**Your goal:**
In the data below, how many lines contain the string "dots"? Reply with the number only.

═══ Material shown

lemma sum_level_mass_greater:
  fixes v :: "real^'n::finite"
  defines "\<alpha>s \<equiv> values_sorted v"
  assumes k: "k < length \<alpha>s"
  shows "(\<Sum>l\<in>{Suc k..<length \<alpha>s}. level_mass w r v (\<alpha>s ! l)) = (\<Sum>i | \<alpha>s ! k < v $ i. dr w r i)"
proof -
  have sorted: "sorted_wrt (<) \<alpha>s" and set_\<alpha>s: "set \<alpha>s = range (($) v)"
    unfolding \<alpha>s_def values_sorted_def by simp_all
  have "inj_on ((!) \<alpha>s) {Suc k..<length \<alpha>s}"
    using sorted by (auto intro!: inj_onI simp: nth_eq_iff_index_eq strict_sorted_iff)
  then have "(\<Sum>l\<in>{Suc k..<length \<alpha>s}. level_mass w r v (\<alpha>s ! l))
      = (\<Sum>x \<in> (!) \<alpha>s ` {Suc k..<length \<alpha>s}. level_mass w r v x)"
    by (simp add: sum.reindex)
  also have "\<dots> = (\<Sum>x \<in> {x \<in> range (($) v). \<alpha>s ! k < x}. level_mass w r v x)"
    using strict_sorted_nth_image_greater[OF sorted k] set_\<alpha>s by simp
  also have "\<dots> = (\<Sum>x \<in> {x \<in> range (($) v). \<alpha>s ! k < x}. \<Sum>i | i \<in> {i. \<alpha>s ! k < v $ i} \<and> v $ i = x. dr w r i)"
    unfolding level_mass_def by (intro sum.cong) auto
  also have "\<dots> = (\<Sum>i | \<alpha>s ! k < v $ i. dr w r i)"
    by (rule sum.group) auto
  finally show ?thesis .
qed

lemma level_mass_pos:
  "(\<And>j. 0 < dr w r j) \<Longrightarrow> v $ i = \<alpha> \<Longrightarrow> 0 < level_mass w r v \<alpha>"
  unfolding level_mass_def
  by (rule sum_pos2[where i = i]) (auto intro: less_imp_le)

══════

**Answer space:**
3